The quartet, although stripped down and strung up in a late ‘70s prototypical punk sound, puts a lot more grit in their music than the more polished and slightly politer bands of yore, minor chords abounding and fast-spat vocals banishing the idea that old can’t be new again. With a more modern aesthetic, Tyvek appeals to today’s punks with party-ready and tongue-in-cheek titles such as “Future Junk,” “Kid Tut” and “4312.” But just because their song titles spell out a miscreant party-time ethos doesn’t mean that the band is a bunch of lushes. Rather, they’d probably rather spend their time beating the lushes at the party up, then laughing about it after.

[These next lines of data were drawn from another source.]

(* Fix $a\in[0,\infty)$. For a function $O:[0,1]^2\to[0,1]$ the following are equivalent: (1) There exist a continuous and strictly decreasing function $\theta:[0,1]\to[0,\infty]$ and a continuous and decreasing function $\vartheta:[0,\infty]\to[0,1]$ such that $O(x,y)=\vartheta(\theta(x)+\theta(y))$ for all $x,y$, $O$ is an overlap function, and at least one of the following holds: (a) $\theta(x)=\frac{a}{2}$ if and only if $x=1$; (b) $\vartheta(x)=1$ if and only if $x\in[0,a]$. (2) $O$ is an overlap function and there exist a pseudo automorphism $\mathcal{F}$ and a strict t-norm $T$ with $O(x,y)=\mathcal{F}(T(x,y))$ for all $(x,y)\in[0,1]^2$. (3) There exist a strictly increasing bijection $\varphi:[0,1]\to[0,1]$ and a pseudo automorphism $\mathcal{H}$ such that $O(x,y)=\mathcal{H}(\varphi(x)\varphi(y))$ for all $(x,y)\in[0,1]^2$.
   Context: "Decreasing" means non-increasing and "increasing" means non-decreasing. Arithmetic in $[0,\infty]$ uses $c+\infty=\infty$; continuity on $[0,\infty]$ refers to the usual topology of the extended half-line. An overlap function is a map $O:[0,1]^2\to[0,1]$ that is (O1) commutative, (O2) $O(x,y)=0$ iff $xy=0$, (O3) $O(x,y)=1$ iff $xy=1$, (O4) increasing in each variable, (O5) continuous. A pseudo automorphism is a continuous increasing map $\mathcal{F}:[0,1]\to[0,1]$ with $\mathcal{F}(x)=1$ iff $x=1$ and $\mathcal{F}(x)=0$ iff $x=0$. A t-norm is a commutative, associative map $T:[0,1]^2\to[0,1]$, increasing in each variable, with $T(x,1)=x$; it is strict if it is continuous and strictly increasing on $(0,1]^2$ (i.e. $T(x,y)<T(x',y)$ whenever $y>0$ and $x<x'$). *)

theory Defs
  imports "HOL-Analysis.Analysis" "HOL-Library.Extended_Nonnegative_Real"
begin

text \<open>Functions on the unit interval/square are total HOL functions whose
 behaviour is only constrained on [0,1] resp. [0,1]^2. The extended half-line
 [0,\<infinity>] is the type ennreal.\<close>

definition overlap :: "(real \<Rightarrow> real \<Rightarrow> real) \<Rightarrow> bool" where
  "overlap Ov \<longleftrightarrow>
     (\<forall>x\<in>{0..1}. \<forall>y\<in>{0..1}. Ov x y \<in> {0..1}) \<and>
     (\<forall>x\<in>{0..1}. \<forall>y\<in>{0..1}. Ov x y = Ov y x) \<and>
     (\<forall>x\<in>{0..1}. \<forall>y\<in>{0..1}. Ov x y = 0 \<longleftrightarrow> x * y = 0) \<and>
     (\<forall>x\<in>{0..1}. \<forall>y\<in>{0..1}. Ov x y = 1 \<longleftrightarrow> x * y = 1) \<and>
     (\<forall>x\<in>{0..1}. \<forall>x'\<in>{0..1}. \<forall>y\<in>{0..1}. x \<le> x' \<longrightarrow> Ov x y \<le> Ov x' y \<and> Ov y x \<le> Ov y x') \<and>
     continuous_on ({0..1} \<times> {0..1}) (\<lambda>(x, y). Ov x y)"

definition pseudo_automorphism :: "(real \<Rightarrow> real) \<Rightarrow> bool" where
  "pseudo_automorphism F \<longleftrightarrow>
     (\<forall>x\<in>{0..1}. F x \<in> {0..1}) \<and>
     continuous_on {0..1} F \<and> mono_on {0..1} F \<and>
     (\<forall>x\<in>{0..1}. F x = 1 \<longleftrightarrow> x = 1) \<and>
     (\<forall>x\<in>{0..1}. F x = 0 \<longleftrightarrow> x = 0)"

definition tnorm :: "(real \<Rightarrow> real \<Rightarrow> real) \<Rightarrow> bool" where
  "tnorm T \<longleftrightarrow>
     (\<forall>x\<in>{0..1}. \<forall>y\<in>{0..1}. T x y \<in> {0..1}) \<and>
     (\<forall>x\<in>{0..1}. \<forall>y\<in>{0..1}. T x y = T y x) \<and>
     (\<forall>x\<in>{0..1}. \<forall>y\<in>{0..1}. \<forall>z\<in>{0..1}. T x (T y z) = T (T x y) z) \<and>
     (\<forall>x\<in>{0..1}. \<forall>x'\<in>{0..1}. \<forall>y\<in>{0..1}. x \<le> x' \<longrightarrow> T x y \<le> T x' y \<and> T y x \<le> T y x') \<and>
     (\<forall>x\<in>{0..1}. T x 1 = x)"

definition strict_tnorm :: "(real \<Rightarrow> real \<Rightarrow> real) \<Rightarrow> bool" where
  "strict_tnorm T \<longleftrightarrow> tnorm T \<and>
     continuous_on ({0..1} \<times> {0..1}) (\<lambda>(x, y). T x y) \<and>
     (\<forall>x\<in>{0..1}. \<forall>x'\<in>{0..1}. \<forall>y\<in>{0..1}. 0 < y \<longrightarrow> x < x' \<longrightarrow> T x y < T x' y)"

end

theory Submission
  imports Defs
begin

text \<open>
  (2) \<open>\<Longleftrightarrow>\<close> (3) rests on the representation theorem for strict t-norms: every strict t-norm \<open>T\<close> is
  isomorphic to the product, \<open>\<phi> (T x y) = \<phi> x * \<phi> y\<close> for an order automorphism \<open>\<phi>\<close> of \<open>[0,1]\<close>.
  To find \<open>\<phi>\<close> one builds a continuous, strictly decreasing \<open>gen : [0,\<infinity>) \<rightarrow> (0,1]\<close> with
  \<open>gen (s + t) = T (gen s) (gen t)\<close>: on dyadic rationals from iterated \<open>T\<close>-square roots of \<open>1/2\<close>,
  elsewhere by monotone limits; then \<open>\<phi>\<close> is the inverse of \<open>gen \<circ> (- ln)\<close>.

  (1) \<open>\<Longleftrightarrow>\<close> (3) is the change of variables \<open>\<theta> = \<theta> 1 - ln \<circ> \<phi>\<close>, which turns \<open>\<phi> x * \<phi> y\<close> into
  \<open>\<theta> x + \<theta> y\<close>. Going from (1) to (3) needs \<open>\<theta> 0 = \<infinity>\<close>; otherwise continuity of \<open>\<theta>\<close> yields
  \<open>x \<noteq> 0\<close> with \<open>2 \<theta> x = \<theta> 0 + \<theta> 1\<close>, so that \<open>O x x = O 0 1 = 0\<close>, contradicting (O2).
  The outer function of (3) is then the diagonal \<open>t \<mapsto> O w w\<close> with \<open>\<phi> w = sqrt t\<close>.
\<close>

section \<open>Continuity of monotone functions with order-connected image\<close>

lemma eventually_monotone_same_side:
  fixes f :: "'a::linorder_topology \<Rightarrow> 'b::linorder"
  assumes monotone: "mono_on S f \<or> antimono_on S f" and "x \<in> S" "x' \<in> S"
  shows "\<forall>\<^sub>F y in at x within S. (f x' < f x \<longrightarrow> f x' \<le> f y) \<and> (f x < f x' \<longrightarrow> f y \<le> f x')"
proof -
  have "\<forall>\<^sub>F y in at x within S. y \<in> S \<and> (x' < x \<longrightarrow> x' < y) \<and> (x < x' \<longrightarrow> y < x')"
  proof -
    have "\<forall>\<^sub>F y in at x within S. x' < y" if "x' < x"
      using order_tendstoD(1)[OF tendsto_ident_at that] .
    moreover have "\<forall>\<^sub>F y in at x within S. y < x'" if "x < x'"
      using order_tendstoD(2)[OF tendsto_ident_at that] .
    ultimately show ?thesis
      by (intro eventually_conj) (auto simp: eventually_at_filter)
  qed
  then show ?thesis
  proof (rule eventually_mono)
    fix y assume y: "y \<in> S \<and> (x' < x \<longrightarrow> x' < y) \<and> (x < x' \<longrightarrow> y < x')"
    have "x' < x \<Longrightarrow> f x' \<le> f y \<and> f x' \<le> f x \<or> f y \<le> f x' \<and> f x \<le> f x'"
      and "x < x' \<Longrightarrow> f y \<le> f x' \<and> f x \<le> f x' \<or> f x' \<le> f y \<and> f x' \<le> f x"
      using monotone y assms(2,3) unfolding monotone_on_def by (meson less_imp_le)+
    then show "(f x' < f x \<longrightarrow> f x' \<le> f y) \<and> (f x < f x' \<longrightarrow> f y \<le> f x')"
      by (cases x x' rule: linorder_cases) (auto simp: not_le[symmetric])
  qed
qed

Nothing Fits is a fighter of an album with the occasional trippy and weird feedback experiments (as in “Outer Limits”) which make it obvious Tyvek isn’t about to take themselves seriously anytime soon and neither should the listener. Nothing Fits has a lot of heart. It might be a harder heart than is socially acceptable, but it’s beating fast and furious and full of aplomb.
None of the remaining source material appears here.